Mean accommodative responses for the eye with the IR transmitting filter at each of the conditions tested [(1) far viewing (4 m); (2) initial near condition (0.33 m); (3) near condition during blur adaptation (0.33 m); (4) near condition following blur adaptation (0.33 m); and (5) far condition (4 m)] as a function of refractive group [emmetropes (□) and myopes (▴)]. Dotted vertical lines represent landmarks for each condition. Error bars show +/− 1 SEM.
Figure 6
 
Mean accommodative responses for the eye with the IR transmitting filter at each of the conditions tested [(1) far viewing (4 m); (2) initial near condition (0.33 m); (3) near condition during blur adaptation (0.33 m); (4) near condition following blur adaptation (0.33 m); and (5) far condition (4 m)] as a function of refractive group [emmetropes (□) and myopes (▴)]. Dotted vertical lines represent landmarks for each condition. Error bars show +/− 1 SEM.

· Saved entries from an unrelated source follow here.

(* The set $\mathcal V=\{\mathbf u(\mathbf B):\mathbf B\in S\}$ is a set of pairwise $M$-distinct vertices of $\mathcal H$, and every vertex of $\mathcal H$ is $M$-equivalent to some member of $\mathcal V$.
   Context: Let $n\ge 1$, $[n]=\{0,\dots,n-1\}$, and real numbers $\gamma_0<\gamma_1<\dots<\gamma_{n-1}$. Consider vectors $\mathbf v=(v_{ydz})_{y\in[n],d,z\in\{0,1\}}\in\mathbb R^{4n}$. Define the linear map $M$ by $(M\mathbf v)_{(i,j,d_0,d_1)}=\sum_{z\in\{0,1\}:d_z=0}v_{i0z}+\sum_{z\in\{0,1\}:d_z=1}v_{j1z}$ for $i,j\in[n]$, $(d_0,d_1)\in\{0,1\}^2$, and $c_{(i,j,d_0,d_1)}=\gamma_j-\gamma_i$. Let $\mathcal H=\{\mathbf v: M\mathbf v\le \mathbf c\}$. Two vectors $\mathbf v_1,\mathbf v_2$ are $M$-equivalent if $M\mathbf v_1=M\mathbf v_2$, and $M$-distinct otherwise. A point $\mathbf v\in\mathcal H$ is a vertex of $\mathcal H$ if whenever $\mathbf v=\lambda\mathbf v_1+(1-\lambda)\mathbf v_2$ with $\lambda\in(0,1)$, $\mathbf v_1,\mathbf v_2\in\mathcal H$, we have $M\mathbf v_1=M\mathbf v_2=M\mathbf v$. Admissible signatures: $S=S_1\cup S_2\cup S_3$, sets of binary arrays $\mathbf B=(B_{ydz})\in\{0,1\}^{n\times2\times2}$: (1) $\mathbf B\in S_1$ iff there is $t\in\{0,\dots,n-2\}$ with $B_{i00}=B_{i01}=1$ for all $i\ge t$ and $B_{i00}\ne B_{i01}$ for all $i<t$; $B_{i10}\ne B_{i11}$ for all $i\in[n]$; and there exist $i,j$ with $B_{i10}=B_{j11}=1$. (2) $\mathbf B\in S_2$ iff $B_{(n-1)00}=B_{(n-1)01}=B_{010}=B_{011}=1$; $B_{i00}\ne B_{i01}$ for all $0\le i<n-1$; $B_{j10}\ne B_{j11}$ for all $0<j\le n-1$. (3) $\mathbf B\in S_3$ iff there is $t\in\{1,\dots,n-1\}$ with $B_{i10}=B_{i11}=1$ for all $i\le t$ and $B_{i10}\ne B_{i11}$ for all $i>t$; $B_{i00}\ne B_{i01}$ for all $i\in[n]$; and there exist $i,j$ with $B_{i00}=B_{j01}=1$. Vertex map: for $\mathbf B\in S$, set $\alpha=-\gamma_0-\gamma_t$ if $\mathbf B\in S_1$, $\alpha=-\gamma_0-\gamma_{n-1}$ if $\mathbf B\in S_2$, $\alpha=-\gamma_t-\gamma_{n-1}$ if $\mathbf B\in S_3$ ($t$ as in the respective definition), and define $\mathbf u(\mathbf B)$ by: $u_{i00}=-\gamma_i-\alpha$ if $B_{i00}=1$, else $\gamma_0$; $u_{i10}=\gamma_i$ if $B_{i10}=1$, else $-\gamma_{n-1}-\alpha$; $u_{i01}=-\gamma_i$ if $B_{i01}=1$, else $\gamma_0+\alpha$; $u_{i11}=\gamma_i+\alpha$ if $B_{i11}=1$, else $-\gamma_{n-1}$. *)

theory Defs
  imports Main "HOL.Real"
begin

(* Vectors v = (v_ydz), y in [n], d,z in {0,1}, are represented as functions
   nat => nat => nat => real; only entries with y < n, d <= 1, z <= 1 matter. *)
type_synonym vec = "nat \<Rightarrow> nat \<Rightarrow> nat \<Rightarrow> real"
(* Binary arrays B = (B_ydz), value 1 represented by True. *)
type_synonym sig = "nat \<Rightarrow> nat \<Rightarrow> nat \<Rightarrow> bool"

definition Mv :: "vec \<Rightarrow> nat \<Rightarrow> nat \<Rightarrow> nat \<Rightarrow> nat \<Rightarrow> real" where
  "Mv v i j d0 d1 =
     (if d0 = 0 then v i 0 0 else v j 1 0) + (if d1 = 0 then v i 0 1 else v j 1 1)"

definition M_equiv :: "nat \<Rightarrow> vec \<Rightarrow> vec \<Rightarrow> bool" where
  "M_equiv n v1 v2 \<longleftrightarrow>
     (\<forall>i<n. \<forall>j<n. \<forall>d0\<le>1. \<forall>d1\<le>1. Mv v1 i j d0 d1 = Mv v2 i j d0 d1)"

definition inH :: "nat \<Rightarrow> (nat \<Rightarrow> real) \<Rightarrow> vec \<Rightarrow> bool" where
  "inH n \<gamma> v \<longleftrightarrow>
     (\<forall>i<n. \<forall>j<n. \<forall>d0\<le>1. \<forall>d1\<le>1. Mv v i j d0 d1 \<le> \<gamma> j - \<gamma> i)"

definition is_vertex :: "nat \<Rightarrow> (nat \<Rightarrow> real) \<Rightarrow> vec \<Rightarrow> bool" where
  "is_vertex n \<gamma> v \<longleftrightarrow> inH n \<gamma> v \<and>
     (\<forall>lam v1 v2. 0 < lam \<and> lam < 1 \<and> inH n \<gamma> v1 \<and> inH n \<gamma> v2 \<and>
        (\<forall>y<n. \<forall>d\<le>1. \<forall>z\<le>1. v y d z = lam * v1 y d z + (1 - lam) * v2 y d z)
        \<longrightarrow> M_equiv n v1 v \<and> M_equiv n v2 v)"

definition S1 :: "nat \<Rightarrow> nat \<Rightarrow> sig \<Rightarrow> bool" where
  "S1 n t B \<longleftrightarrow> t + 2 \<le> n \<and>
     (\<forall>i. t \<le> i \<and> i < n \<longrightarrow> B i 0 0 \<and> B i 0 1) \<and>
     (\<forall>i<t. B i 0 0 \<noteq> B i 0 1) \<and>
     (\<forall>i<n. B i 1 0 \<noteq> B i 1 1) \<and>
     (\<exists>i<n. \<exists>j<n. B i 1 0 \<and> B j 1 1)"

definition S2 :: "nat \<Rightarrow> sig \<Rightarrow> bool" where
  "S2 n B \<longleftrightarrow>
     B (n - 1) 0 0 \<and> B (n - 1) 0 1 \<and> B 0 1 0 \<and> B 0 1 1 \<and>
     (\<forall>i. i < n - 1 \<longrightarrow> B i 0 0 \<noteq> B i 0 1) \<and>
     (\<forall>j. 0 < j \<and> j \<le> n - 1 \<longrightarrow> B j 1 0 \<noteq> B j 1 1)"

definition S3 :: "nat \<Rightarrow> nat \<Rightarrow> sig \<Rightarrow> bool" where
  "S3 n t B \<longleftrightarrow> 1 \<le> t \<and> t \<le> n - 1 \<and>
     (\<forall>i\<le>t. B i 1 0 \<and> B i 1 1) \<and>
     (\<forall>i. t < i \<and> i < n \<longrightarrow> B i 1 0 \<noteq> B i 1 1) \<and>
     (\<forall>i<n. B i 0 0 \<noteq> B i 0 1) \<and>
     (\<exists>i<n. \<exists>j<n. B i 0 0 \<and> B j 0 1)"

definition uvec :: "nat \<Rightarrow> (nat \<Rightarrow> real) \<Rightarrow> real \<Rightarrow> sig \<Rightarrow> vec" where
  "uvec n \<gamma> \<alpha> B y d z =
     (if y < n then
        (if d = 0 \<and> z = 0 then (if B y 0 0 then - \<gamma> y - \<alpha> else \<gamma> 0)
         else if d = 1 \<and> z = 0 then (if B y 1 0 then \<gamma> y else - \<gamma> (n - 1) - \<alpha>)
         else if d = 0 \<and> z = 1 then (if B y 0 1 then - \<gamma> y else \<gamma> 0 + \<alpha>)
         else if d = 1 \<and> z = 1 then (if B y 1 1 then \<gamma> y + \<alpha> else - \<gamma> (n - 1))
         else 0)
      else 0)"

definition Vset :: "nat \<Rightarrow> (nat \<Rightarrow> real) \<Rightarrow> vec set" where
  "Vset n \<gamma> =
     {uvec n \<gamma> (- \<gamma> 0 - \<gamma> t) B | t B. S1 n t B} \<union>
     {uvec n \<gamma> (- \<gamma> 0 - \<gamma> (n - 1)) B | B. S2 n B} \<union>
     {uvec n \<gamma> (- \<gamma> t - \<gamma> (n - 1)) B | t B. S3 n t B}"

end

theory Submission
  imports Defs
begin

(*
  In the potentials
    a_i = v_i00 + gamma_i,  p_i = - v_i01 - gamma_i,  c_j = v_j10 - gamma_j,  q_j = gamma_j - v_j11
  of nodes A_i, P_i, C_j, Q_j, the polyhedron H is the system of difference constraints
    a_i <= p_i + gamma_i + gamma_0,  c_j <= p_i,  a_i <= q_j,  c_j + gamma_j + gamma_(n-1) <= q_j,
  and M-equivalence is a common translation of all potentials.  Moving a vertex by +-t along the
  indicator of a set of nodes shows that some tight constraint crosses every cut, i.e. the tight
  constraints connect all nodes.  Hence L = max a = min q and K = max c = min p are attained, every
  pair (A_i, P_i), (C_j, Q_j) has a node at its level and is tight unless both are, and some tight
  pair joins the two levels, so L - K is gamma_t + gamma_0 or gamma_t + gamma_(n-1).  Conversely, at
  such a point tightness propagates any perturbation inside H as a common translation, so it is a
  vertex.  Which nodes sit at their level is the signature B; comparing L - K with gamma_i + gamma_0
  and gamma_j + gamma_(n-1) shows that B lies in S with alpha = K - L, and normalising K = 0 picks
  u(B) out of the equivalence class.
*)

definition potA :: "(nat \<Rightarrow> real) \<Rightarrow> vec \<Rightarrow> nat \<Rightarrow> real" where
  "potA \<gamma> v i = v i 0 0 + \<gamma> i"

definition potP :: "(nat \<Rightarrow> real) \<Rightarrow> vec \<Rightarrow> nat \<Rightarrow> real" where
  "potP \<gamma> v i = - v i 0 1 - \<gamma> i"

definition potC :: "(nat \<Rightarrow> real) \<Rightarrow> vec \<Rightarrow> nat \<Rightarrow> real" where
  "potC \<gamma> v j = v j 1 0 - \<gamma> j"

definition potQ :: "(nat \<Rightarrow> real) \<Rightarrow> vec \<Rightarrow> nat \<Rightarrow> real" where
  "potQ \<gamma> v j = \<gamma> j - v j 1 1"

lemmas pot_defs = potA_def potP_def potC_def potQ_def

definition diff_constraints :: "nat \<Rightarrow> (nat \<Rightarrow> real) \<Rightarrow> vec \<Rightarrow> bool" where
  "diff_constraints n \<gamma> v \<longleftrightarrow>
     (\<forall>i<n. potA \<gamma> v i \<le> potP \<gamma> v i + \<gamma> i + \<gamma> 0) \<and>
     (\<forall>i<n. \<forall>j<n. potC \<gamma> v j \<le> potP \<gamma> v i) \<and>
     (\<forall>i<n. \<forall>j<n. potA \<gamma> v i \<le> potQ \<gamma> v j) \<and>
     (\<forall>j<n. potC \<gamma> v j + \<gamma> j + \<gamma> (n - 1) \<le> potQ \<gamma> v j)"

lemma diff_constraintsD:
  assumes "diff_constraints n \<gamma> v" "i < n" "j < n"
  shows "potA \<gamma> v i \<le> potP \<gamma> v i + \<gamma> i + \<gamma> 0"
    and "potC \<gamma> v j \<le> potP \<gamma> v i"
    and "potA \<gamma> v i \<le> potQ \<gamma> v j"
    and "potC \<gamma> v j + \<gamma> j + \<gamma> (n - 1) \<le> potQ \<gamma> v j"
  using assms unfolding diff_constraints_def by blast+

definition shifted :: "nat \<Rightarrow> vec \<Rightarrow> vec \<Rightarrow> real \<Rightarrow> bool" where
  "shifted n v w s \<longleftrightarrow> (\<forall>i<n.
     w i 0 0 = v i 0 0 + s \<and> w i 0 1 = v i 0 1 - s \<and> w i 1 0 = v i 1 0 + s \<and> w i 1 1 = v i 1 1 - s)"

lemma shifted_iff_potentials:
  "shifted n v w s \<longleftrightarrow> (\<forall>i<n.
     potA \<gamma> w i = potA \<gamma> v i + s \<and> potP \<gamma> w i = potP \<gamma> v i + s \<and>
     potC \<gamma> w i = potC \<gamma> v i + s \<and> potQ \<gamma> w i = potQ \<gamma> v i + s)"
  by (auto simp: shifted_def pot_defs algebra_simps)

lemma shifted_imp_M_equiv: "shifted n v w s \<Longrightarrow> M_equiv n v w"
  unfolding M_equiv_def shifted_def by (auto simp: Mv_def le_Suc_eq)

lemma M_equiv_imp_shifted:
  assumes "0 < n" "M_equiv n v w"
  shows "shifted n v w (w 0 0 0 - v 0 0 0)"
  unfolding shifted_def
proof (intro allI impI conjI)
  fix i assume "i < n"
  have row: "Mv v i' j d0 d1 = Mv w i' j d0 d1" if "i' \<in> {0, i}" "j \<in> {0, i}" "d0 \<le> 1" "d1 \<le> 1"
    for i' j d0 d1
    using assms that \<open>i < n\<close> unfolding M_equiv_def by auto
  let ?s = "w 0 0 0 - v 0 0 0"
  have w011: "w 0 1 1 = v 0 1 1 - ?s" using row[of 0 0 0 1] by (simp add: Mv_def)
  have w001: "w 0 0 1 = v 0 0 1 - ?s" using row[of 0 0 0 0] by (simp add: Mv_def)
  show w00: "w i 0 0 = v i 0 0 + ?s" using row[of i 0 0 1] w011 by (simp add: Mv_def)
  show "w i 0 1 = v i 0 1 - ?s" using row[of i 0 0 0] w00 by (simp add: Mv_def)
  show "w i 1 0 = v i 1 0 + ?s" using row[of 0 i 1 0] w001 by (simp add: Mv_def)
  show "w i 1 1 = v i 1 1 - ?s" using row[of 0 i 0 1] by (simp add: Mv_def)
qed

lemma M_equiv_sym: "M_equiv n v w \<Longrightarrow> M_equiv n w v"
  unfolding M_equiv_def by metis

lemma Mv_add_scaled:
  "Mv (\<lambda>y d z. v y d z + t * \<delta> y d z) i j d0 d1 = Mv v i j d0 d1 + t * Mv \<delta> i j d0 d1"
  by (simp add: Mv_def algebra_simps)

A repeated measures regression model (GEE), which included accommodation, refractive error, time, and the interaction of time with refractive error, revealed that the slopes for emmetropes and myopes were different during the blur adaptation period (p < .001). The model showed that myopes’ accommodation increased 0.02 D every 10 s (a total of 0.36 D after 3 min) compared to emmetropes. Repeated measures ANOVA revealed no significant differences between refractive groups for the baseline near accommodative response (F1, 119 = 0.02; p = .78). 
Adaptation to open-loop accommodation (dark-focus)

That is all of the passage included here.